The day we held our breath: Berks man looks back 30 years to his part in Three Mile Island calamity
Thirty years ago today, Temple resident Robert M. Dreibelbis Sr., a Met-Ed executive, was plunged into uncharted territory by the worst nuclear accident the U.S. had ever known.
By Jason Brudereck
Reading Eagle
Nearly four hours into the accident, Bob Dreibelbis was getting ready to leave his Temple home for work like any other day.
Then the phone rang.
Robert M. Dreibelbis Sr., purchasing manager for the electric utility Met-Ed, answered and found himself speaking to a Met-Ed engineering supervisor whose responsibilities included Three Mile Island.
It was 7:45 a.m. March 28, 1979, when the engineering supervisor called to tell Dreibelbis he had to quickly procure a helicopter to fly two men from the nuclear plant on an island three miles down river from Harrisburg because they had been exposed to radiation.
Dreibelbis knew right away that something very unusual was happening that morning 30 years ago today.
"This is Bob you're talking to so cut the crap and tell me what's really happening," Dreibelbis said.
The engineering supervisor sounded calm and professional as he told Dreibelbis there had been an accident at the TMI Unit 2 reactor. Radioactive water had been spilled, and people might be hurt.
"Then he told me we needed a lot of rain suits (hazardous waste suits) and booties and protective gear," recalled Dreibelbis, now 72 and still living in the same Temple home with his wife, Barbara.
The TMI accident, which would dramatically alter the perception and future of the nuclear power industry in the United States, had begun at 4 a.m.
A series of mechanical failures prompted plant operators to do the exact wrong thing in the face of an escalating emergency.
"The gauges were wrong; we were about to expose the core," Dreibelbis said.
Exposing the reactor's core would result in the core melting down into a mass so hot that some scientists believed it would burn into the earth and release radioactivity into the environment.

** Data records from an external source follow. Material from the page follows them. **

lemma LF_sheaf:
  assumes dense: "\<forall>x y::'a::complete_linorder. x < y \<longrightarrow> (\<exists>z. x < z \<and> z < y)"
  shows "is_sheaf (LF F r) (Lres :: 'a option \<Rightarrow> _)"
  unfolding is_sheaf_def
proof (intro conjI allI impI)
  fix a :: "'a option" and R assume R: "is_sieve a R \<and> Sup R = a"
  show "bij_betw (\<lambda>x. \<lambda>b\<in>R. Lres b a x) (LF F r a) (plim R (LF F r) Lres)"
  proof (cases "a \<in> R")
    case True
    with R show ?thesis using bij_restrictions_if_mem_sieve[OF LF_presheaf] by blast
  next
    case False
    with R have R_eq: "R = {c. c < a}" using covering_sieve_eq_less by blast
    show ?thesis
    proof (cases a rule: LF_cases)
      case 1
      with R_eq have "R = {}" by simp
      then show ?thesis using 1 by (simp add: plim_def bij_betw_def restrict_def)
    next
      case 2 \<comment> \<open>impossible: the join of {0} is 0, not i\<close>
      with R_eq have "R = {None}" by (auto simp: less_option_def split: option.splits)
      with R 2 show ?thesis by simp
    next
      case 3
      have "pos_below a \<subseteq> {c. c < a}" by blast
      with R_eq show ?thesis using bij_Lres_family[OF dense 3] by blast
    qed
  qed
qed (rule LF_presheaf)

definition LF_to_LLF :: "'a::complete_linorder option \<Rightarrow> ('v + ('a option \<Rightarrow> 'v)) \<Rightarrow>
    ('v + ('a option \<Rightarrow> 'v)) + ('a option \<Rightarrow> 'v + ('a option \<Rightarrow> 'v))" where
  "LF_to_LLF a x =
     (if a = None then Inr (\<lambda>_. undefined) else if a = Some bot then Inl x
      else Inr (\<lambda>b\<in>pos_below a. Lres b a x))"

lemma LF_to_LLF_None [simp]: "LF_to_LLF None x = Inr (\<lambda>_. undefined)"
  by (simp add: LF_to_LLF_def)

lemma LF_to_LLF_Some_bot [simp]: "LF_to_LLF (Some bot) x = Inl x"
  by (simp add: LF_to_LLF_def)

lemma LF_to_LLF_above_bot [simp]:
  "Some bot < a \<Longrightarrow> LF_to_LLF a x = Inr (\<lambda>b\<in>pos_below a. Lres b a x)"
  by (simp add: LF_to_LLF_def Some_bot_less_iff del: not_None_eq)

Confusing signals and ringing alarms from the control room instruments led operators to make assumptions and errors that made the situation worse.
"In the beginning, people couldn't grasp the situation because the computer that was supposed to analyze the situation was talking gibberish," Dreibelbis said.

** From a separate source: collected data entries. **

(* Assume $\Delta=0$. Let $\mathcal O$ be a $\delta$-subring of $R$, $\alpha\in\mathfrak{gl}_n(\mathcal O)$, $u\in GL_n(R)$ with $\delta u=\alpha u^{(p)}$, and set $N_{u/\mathcal O}=N^\delta\cap\Sigma^0_{u/\mathcal O}$. 1) If the entries of one of the rows of $u$ are algebraically independent over $\mathcal O$, then $G_{u/\mathcal O}\subset N^\delta$, hence $G_{u/\mathcal O}=N_{u/\mathcal O}$. 2) If the entries of $u$ are algebraically independent over $\mathcal O$, then $G_{u/\mathcal O}=N^\delta\cap GL_n(\mathcal O)$. 3) If $\sigma$ is an $\mathcal O$-algebra automorphism of $\mathcal O[u]$ such that $\sigma(u)=uc$ with $c\in GL_n(\mathcal O)\cap G_u$, then $c\in G_{u/\mathcal O}$. 4) If $n=1$, then $G_{u/\mathcal O}\subset N^\delta=G^\delta$. 5) $\bigcap_{w\in GL_n(R)}G_w=N^\delta$.
   Context: Let $p$ be an odd prime, $R$ the unique complete discrete valuation ring with maximal ideal $pR$ and residue field an algebraic closure of $\mathbb F_p$; $\phi$ the unique lift of Frobenius, $\delta a=(\phi(a)-a^p)/p$; on matrices $\phi,\delta$ act entrywise, $u^{(p)}=(u_{ij}^p)$. A $\delta$-subring is a subring of $R$ closed under $\delta$. $\mathcal O[u]$ is the subring generated by $\mathcal O$ and the entries of $u$. For $\Delta=0$ and $w\in GL_n(R)$, $G_w=\{v\in GL_n(R):(wv)^{(p)}=w^{(p)}\phi(v)\}$. $\mathcal O\{u\}$: subring generated by $\mathcal O$ and entries of $u,\delta u,\ldots$; $\tilde G_{u/\mathcal O}$: $\mathcal O$-algebra automorphisms $\sigma$ of $\mathcal O\{u\}$ commuting with $\delta$ with $u^{-1}\sigma(u)\in GL_n(\mathcal O)$; $G_{u/\mathcal O}$: image of $\sigma\mapsto u^{-1}\sigma(u)$ in $GL_n(\mathcal O)$. $I^0_{u/\mathcal O}$: kernel of $\mathcal O[x]\to R$, $x\mapsto u$ ($x$ an $n\times n$ matrix of indeterminates); $\Sigma^0_{u/\mathcal O}$: the set of $c\in GL_n(\mathcal O)$ such that the $\mathcal O$-automorphism $\sigma^0_c$ of $\mathcal O[x]$ with $\sigma^0_c(x)=xc$ satisfies $\sigma^0_c(I^0_{u/\mathcal O})=I^0_{u/\mathcal O}$. $R^\delta=\{\lambda:\delta\lambda=0\}$; $G^\delta$: elements of $GL_n(R)$ with all entries in $R^\delta$; $T$: diagonal matrices, $W$: permutation matrices, $N=WT$, $N^\delta=N\cap G^\delta$. *)

theory Defs
  imports "HOL-Analysis.Analysis" "HOL-Library.Poly_Mapping"
    "HOL-Computational_Algebra.Polynomial"
begin

text \<open>witt_frame p phi holds for a type 'a iff 'a is a complete discrete valuation ring
  with maximal ideal pR, residue field algebraically closed and algebraic over F_p
  (i.e. an algebraic closure of F_p), p an odd prime, and phi a ring endomorphism
  lifting Frobenius (phi a = a^p mod p).  These data determine R and phi uniquely.\<close>

definition witt_frame :: "nat \<Rightarrow> ('a::idom \<Rightarrow> 'a) \<Rightarrow> bool" where
  "witt_frame p \<phi> \<longleftrightarrow>
     prime p \<and> odd p
   \<and> (of_nat p :: 'a) \<noteq> 0 \<and> \<not> (of_nat p :: 'a) dvd 1
   \<and> (\<forall>a::'a. a \<noteq> 0 \<longrightarrow> (\<exists>k v. v dvd 1 \<and> a = of_nat p ^ k * v))
   \<and> (\<forall>x::nat \<Rightarrow> 'a. (\<forall>k. of_nat p ^ k dvd x (Suc k) - x k)
         \<longrightarrow> (\<exists>y. \<forall>k. of_nat p ^ k dvd y - x k))
   \<and> (\<forall>f::'a poly. degree f \<ge> 1 \<and> lead_coeff f = 1 \<longrightarrow> (\<exists>a. of_nat p dvd poly f a))
   \<and> (\<forall>a::'a. \<exists>f::int poly. (\<exists>i. \<not> int p dvd coeff f i)
         \<and> of_nat p dvd poly (map_poly of_int f) a)
   \<and> \<phi> 1 = 1 \<and> (\<forall>a b. \<phi> (a + b) = \<phi> a + \<phi> b) \<and> (\<forall>a b. \<phi> (a * b) = \<phi> a * \<phi> b)
   \<and> (\<forall>a. of_nat p dvd \<phi> a - a ^ p)"

definition delta :: "nat \<Rightarrow> ('a::idom \<Rightarrow> 'a) \<Rightarrow> 'a \<Rightarrow> 'a" where
  "delta p \<phi> a = (THE b. of_nat p * b = \<phi> a - a ^ p)"

definition is_subring :: "'a::comm_ring_1 set \<Rightarrow> bool" where
  "is_subring A \<longleftrightarrow> 0 \<in> A \<and> 1 \<in> A \<and> (\<forall>a\<in>A. \<forall>b\<in>A. a + b \<in> A \<and> a * b \<in> A \<and> - a \<in> A)"

definition delta_subring :: "nat \<Rightarrow> ('a::idom \<Rightarrow> 'a) \<Rightarrow> 'a set \<Rightarrow> bool" where
  "delta_subring p \<phi> \<O> \<longleftrightarrow> is_subring \<O> \<and> (\<forall>a\<in>\<O>. delta p \<phi> a \<in> \<O>)"

definition ring_gen :: "'a::comm_ring_1 set \<Rightarrow> 'a set \<Rightarrow> 'a set" where
  "ring_gen \<O> S = \<Inter>{A. is_subring A \<and> \<O> \<subseteq> A \<and> S \<subseteq> A}"

definition mat_map :: "('a \<Rightarrow> 'b) \<Rightarrow> 'a^'n^'m \<Rightarrow> 'b^'n^'m" where
  "mat_map f A = (\<chi> i j. f (A $ i $ j))"

definition frob_pow :: "nat \<Rightarrow> 'a::comm_ring_1^'n^'m \<Rightarrow> 'a^'n^'m" where
  "frob_pow p A = mat_map (\<lambda>x. x ^ p) A"

definition entries :: "'a^'n^'m \<Rightarrow> 'a set" where
  "entries A = {A $ i $ j | i j. True}"

definition in_GL :: "'a::comm_ring_1 set \<Rightarrow> 'a^'n^'n \<Rightarrow> bool" where
  "in_GL \<O> A \<longleftrightarrow> (\<forall>i j. A $ i $ j \<in> \<O>)
     \<and> (\<exists>B. (\<forall>i j. B $ i $ j \<in> \<O>) \<and> A ** B = mat 1 \<and> B ** A = mat 1)"

definition Gw :: "nat \<Rightarrow> ('a::idom \<Rightarrow> 'a) \<Rightarrow> 'a^'n^'n \<Rightarrow> ('a^'n^'n) set" where
  "Gw p \<phi> w = {v. in_GL UNIV v \<and> frob_pow p (w ** v) = frob_pow p w ** mat_map \<phi> v}"

definition Gdelta :: "nat \<Rightarrow> ('a::idom \<Rightarrow> 'a) \<Rightarrow> ('a^'n^'n) set" where
  "Gdelta p \<phi> = {v. in_GL UNIV v \<and> (\<forall>i j. delta p \<phi> (v $ i $ j) = 0)}"

definition is_perm_mat :: "'a::comm_ring_1^'n^'n \<Rightarrow> bool" where
  "is_perm_mat W \<longleftrightarrow> (\<exists>\<pi>. \<pi> permutes (UNIV :: 'n set)
      \<and> W = (\<chi> i j. if \<pi> i = j then 1 else 0))"

definition is_diag :: "'a::comm_ring_1^'n^'n \<Rightarrow> bool" where
  "is_diag T \<longleftrightarrow> (\<forall>i j. i \<noteq> j \<longrightarrow> T $ i $ j = 0)"

definition Nmon :: "('a::comm_ring_1^'n^'n) set" where
  "Nmon = {W ** T | W T. is_perm_mat W \<and> is_diag T \<and> in_GL UNIV T}"

definition Ndelta :: "nat \<Rightarrow> ('a::idom \<Rightarrow> 'a) \<Rightarrow> ('a^'n^'n) set" where
  "Ndelta p \<phi> = Nmon \<inter> Gdelta p \<phi>"

type_synonym ('v, 'a) mpoly = "('v \<Rightarrow>\<^sub>0 nat) \<Rightarrow>\<^sub>0 'a"

definition mpeval :: "('v, 'a::comm_ring_1) mpoly \<Rightarrow> ('v \<Rightarrow> 'a) \<Rightarrow> 'a" where
  "mpeval F x = (\<Sum>m\<in>Poly_Mapping.keys F. Poly_Mapping.lookup F m * (\<Prod>v\<in>Poly_Mapping.keys m. x v ^ Poly_Mapping.lookup m v))"

definition mp_over :: "'a::comm_ring_1 set \<Rightarrow> ('v, 'a) mpoly \<Rightarrow> bool" where
  "mp_over \<O> F \<longleftrightarrow> (\<forall>m. Poly_Mapping.lookup F m \<in> \<O>)"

Dr. Larry Foulke, director of nuclear engineering at the University of Pittsburgh, calls what happened to the plant operators an "alarm avalanche."
"There was so much chaos in the control room that it took them hours to discover that there was a loss of cooling water," he said.
That exposed the core and the reactor sustained a partial meltdown.
"The core melted and yet there was no China Syndrome," said Foulke, referring to the theory that the molten reactor core would melt down through the containment facilities and keep going.
Coincidentally, "The China Syndrome," a major motion picture about a crisis at a nuclear plant, had been released 12 days before the accident and fueled fears about it.
Despite the fears and officials' failure to immediately assuage them, there was no real danger to public health, Dreibelbis and Foulke contend. No one was killed or injured, Foulke said.
Various studies have come to wide-ranging conclusions about long-term health effects, which Dreibelbis acknowledges are possible.
"But we had it under control very early in the game," Dreibelbis said.
Dreibelbis has pages and pages of internal memos and purchase orders for safety equipment used after the accident, which memos refer to as an "outage."
To fill some of the purchase orders, Dreibelbis turned to John J. Allen, the owner of a Pottstown company known then as ASK; today it is known as JB Supply Inc.
"He's a guy who saved a lot of the island because he got a lot of gear," Dreibelbis said of Allen, who died in 2003. "He got the state police of Connecticut, New York and New Jersey to give him an escort to get air packs to the plant."
Dreibelbis went to the island, which is in Londonderry Township, Dauphin County, a few times to help.
One time, another man noted caution tape keeping people away from contaminated areas.
Later, they noticed the place where they had previously walked was behind the tape.
"The other guy was real scared," Dreibelbis said. " 'Oh my God,' he said."
Another time, Dreibelbis got a report from the island: "These job johnnies we got here are 'hot,' " - showing unusually high levels of radioactivity.
Dreibelbis said he assumes that was because the workers who were using them had received low-level doses of radioactivity and it was showing up in their waste.
"But from my perspective, it could have been worse," Dreibelbis said.
Nonetheless, fear and anger prompted some people to call and threaten Met-Ed employees, including Dreibelbis.
"It was a lynch mob mentality," he said.